[Data records]
lemma sum_lambda_term_split:
  assumes "r \<le> m"
  shows "(\<Sum>i=j..<j+r. lambda_term k i) + real (m - r) / real k \<le> (\<Sum>i=j..<j+m. lambda_term k i)"
proof -
  have "real (m - r) / real k = (\<Sum>i=j+r..<j+m. 1 / real k)"
    using assms by simp
  also have "\<dots> \<le> (\<Sum>i=j+r..<j+m. lambda_term k i)"
    by (intro sum_mono lambda_term_ge)
  finally show ?thesis
    using sum.atLeastLessThan_concat[of j "j+r" "j+m" "lambda_term k"] assms by simp
qed

lemma sum_weight_uncapped_le_lambda_terms:
  fixes x :: "'a \<Rightarrow> real"
  assumes B: "finite B" "\<forall>i\<in>B. 0 < x i" "sum x B \<le> 1 / (real (pi_seq j) - 1)"
    and j: "1 \<le> j"
    and uncapped: "\<forall>i\<in>B. fit_count (x i) < k \<and> pi_seq j \<le> fit_count (x i)"
  shows "(\<Sum>i\<in>B. weight k (x i)) \<le> (\<Sum>i=j..<j + min (card B) 2. lambda_term k i)"
proof -
  define p where "p = real (pi_seq j)"
  have p2: "2 \<le> p"
    unfolding p_def using pi_seq_ge_2[OF j] by simp
  have w_le: "weight k (x i) \<le> 1 / p" "weight k (x i) \<le> (1 + 1 / p) * x i" if "i \<in> B" for i
    using weight_uncapped_le[of "x i" k p] that uncapped B(2) p2 unfolding p_def by auto
  consider "card B = 0" | "card B = 1" | "2 \<le> card B" by linarith
  then show ?thesis
  proof cases
    case 1
    then show ?thesis using B(1) by simp
  next
    case 2
    then obtain b where "B = {b}" by (metis card_1_singletonE)
    then have "(\<Sum>i\<in>B. weight k (x i)) \<le> 1 / p" using w_le by simp
    also have "\<dots> \<le> 1 / (p - 1)" using p2 by (intro divide_left_mono) auto
    also have "\<dots> \<le> lambda_term k j" unfolding lambda_term_def p_def by simp
    finally show ?thesis using 2 by simp
  next
    case 3
    have "(\<Sum>i\<in>B. weight k (x i)) \<le> (\<Sum>i\<in>B. (1 + 1 / p) * x i)"
      using w_le by (intro sum_mono) auto
    also have "\<dots> \<le> (1 + 1 / p) * (1 / (p - 1))"
      unfolding sum_distrib_left[symmetric] using B(3) p2 unfolding p_def
      by (intro mult_left_mono) auto
    also have "\<dots> = 1 / (p - 1) + (1 / (p - 1) - 1 / p)"
      using p2 by (simp add: divide_simps)
    also have "\<dots> = 1 / (p - 1) + 1 / (real (pi_seq (Suc j)) - 1)"
      unfolding p_def using inverse_pi_seq_Suc_minus_1[OF j] by simp
    also have "\<dots> \<le> lambda_term k j + lambda_term k (Suc j)"
      unfolding lambda_term_def p_def by (intro add_mono) auto
    finally show ?thesis using 3 by (simp add: numeral_2_eq_2)
  qed
qed

lemma sum_weight_le_lambda_terms_large_items:
  fixes x :: "'a \<Rightarrow> real"
  assumes S: "finite S" "\<forall>i\<in>S. 0 < x i" "sum x S \<le> 1 / (real (pi_seq j) - 1)"
    and j: "1 \<le> j"
    and large: "\<forall>i\<in>S. fit_count (x i) < k \<longrightarrow> pi_seq j \<le> fit_count (x i)"
  shows "(\<Sum>i\<in>S. weight k (x i)) \<le> (\<Sum>i=j..<j + card S. lambda_term k i)"
proof -
  define B where "B = {i\<in>S. fit_count (x i) < k}"
  define r where "r = min (card B) 2"
  have BS: "B \<subseteq> S" and finB: "finite B"
    unfolding B_def using S(1) by auto
  have "sum x B \<le> sum x S"
    using sum_mono2[OF S(1) BS, of x] S(2) by (auto simp: less_imp_le)
  then have "(\<Sum>i\<in>B. weight k (x i)) \<le> (\<Sum>i=j..<j+r. lambda_term k i)"
    unfolding r_def using S large j BS
    by (intro sum_weight_uncapped_le_lambda_terms finB) (auto simp: B_def)
  moreover have "(\<Sum>i\<in>S-B. weight k (x i)) = (\<Sum>i\<in>S-B. 1 / real k)"
    unfolding B_def by (intro sum.cong) (auto simp: weight_capped)
  ultimately have "(\<Sum>i\<in>S. weight k (x i)) \<le> (\<Sum>i=j..<j+r. lambda_term k i) + real (card (S - B)) / real k"
    using sum.subset_diff[OF BS S(1), of "\<lambda>i. weight k (x i)"] by simp
  also have "\<dots> \<le> (\<Sum>i=j..<j+r. lambda_term k i) + real (card S - r) / real k"
    using card_Diff_subset[OF finB BS] unfolding r_def by (simp add: divide_right_mono)
  also have "\<dots> \<le> (\<Sum>i=j..<j + card S. lambda_term k i)"
    using card_mono[OF S(1) BS] unfolding r_def by (intro sum_lambda_term_split) simp
  finally show ?thesis .
qed

lemma pi_seq_le_Suc_fit_count:
  assumes "0 < x" "x \<le> 1 / (real (pi_seq j) - 1)" "1 \<le> j"
  shows "pi_seq j \<le> fit_count x + 1"
proof -
  have "1 / (real (fit_count x) + 1) < 1 / (real (pi_seq j) - 1)"
    using inverse_Suc_fit_count_less[OF assms(1)] assms(2) by linarith
  then have "real (pi_seq j) - 1 < real (fit_count x) + 1"
    using pi_seq_ge_2[OF assms(3)] by (simp add: field_simps)
  then show ?thesis by linarith
qed

lemma remainder_le_inverse_pi_seq_Suc_minus_1:
  assumes "0 < x" "fit_count x + 1 = pi_seq j" "1 \<le> j" "x + s \<le> 1 / (real (pi_seq j) - 1)"
  shows "s \<le> 1 / (real (pi_seq (Suc j)) - 1)"
proof -
  have "1 / real (pi_seq j) < x"
    using inverse_Suc_fit_count_less[OF assms(1)] assms(2) by (metis of_nat_1 of_nat_add)
  then show ?thesis
    using assms(4) inverse_pi_seq_Suc_minus_1[OF assms(3)] by linarith
qed

lemma sum_weight_le_lambda_terms:
  fixes x :: "'a \<Rightarrow> real"
  assumes "finite S" "\<forall>i\<in>S. 0 < x i" "sum x S \<le> 1 / (real (pi_seq j) - 1)" "1 \<le> j"
  shows "(\<Sum>i\<in>S. weight k (x i)) \<le> (\<Sum>i=j..<j + card S. lambda_term k i)"
  using assms
proof (induction S arbitrary: j rule: finite_ranking_induct[where f = x])
  case empty
  then show ?case by simp
next
  case (insert a S)
  show ?case
  proof (cases "a \<in> S")
    case True
    then show ?thesis using insert by (simp add: insert_absorb)
  next
    case a_new: False
    have pos: "0 < x a" "\<forall>i\<in>S. 0 < x i"
      using insert.prems(1) by auto
    have size: "x a + sum x S \<le> 1 / (real (pi_seq j) - 1)"
      using insert.prems(2) insert.hyps(1) a_new by simp
    then have fit_a: "pi_seq j \<le> fit_count (x a) + 1"
      using pi_seq_le_Suc_fit_count[OF pos(1) _ insert.prems(3)] sum_nonneg[of S x] pos(2)
      by (smt (verit) less_imp_le)
    show ?thesis
    proof (cases "fit_count (x a) < k \<and> fit_count (x a) + 1 = pi_seq j")
      case True
      then have "weight k (x a) \<le> lambda_term k j"
        unfolding lambda_term_def using weight_uncapped[of "x a" k]
        by (metis add_diff_cancel_right' max.cobounded1 of_nat_1 of_nat_add)
      moreover have "(\<Sum>i\<in>S. weight k (x i)) \<le> (\<Sum>i=Suc j..<Suc j + card S. lambda_term k i)"
        using remainder_le_inverse_pi_seq_Suc_minus_1[OF pos(1) _ insert.prems(3) size] True
        by (intro insert.IH) (use pos(2) in auto)
      moreover have "(\<Sum>i=j..<j + card (insert a S). lambda_term k i)
          = lambda_term k j + (\<Sum>i=Suc j..<Suc j + card S. lambda_term k i)"
        using insert.hyps(1) a_new by (simp add: sum.atLeast_Suc_lessThan del: sum.op_ivl_Suc)
      ultimately show ?thesis
        using insert.hyps(1) a_new by simp
    next
      case False
      have "pi_seq j \<le> fit_count (x i)" if "i \<in> insert a S" "fit_count (x i) < k" for i
      proof -
        have "fit_count (x a) \<le> fit_count (x i)"
          using that(1) insert.hyps(2) insert.prems(1) by (auto intro: fit_count_antimono)
        then show ?thesis
          using False fit_a that(2) by linarith
      qed
      then show ?thesis
        using insert.hyps(1) insert.prems
        by (intro sum_weight_le_lambda_terms_large_items) auto
    qed
  qed
qed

◆ **Work item**
What are the lines, exactly as written above, from the line with "< real (fit_count" to the line with "x + 1 = pi_seq", both included? Output only those.

◆ **Task result**
  then have "real (pi_seq j) - 1 < real (fit_count x) + 1"
    using pi_seq_ge_2[OF assms(3)] by (simp add: field_simps)
  then show ?thesis by linarith
qed

lemma remainder_le_inverse_pi_seq_Suc_minus_1:
  assumes "0 < x" "fit_count x + 1 = pi_seq j" "1 \<le> j" "x + s \<le> 1 / (real (pi_seq j) - 1)"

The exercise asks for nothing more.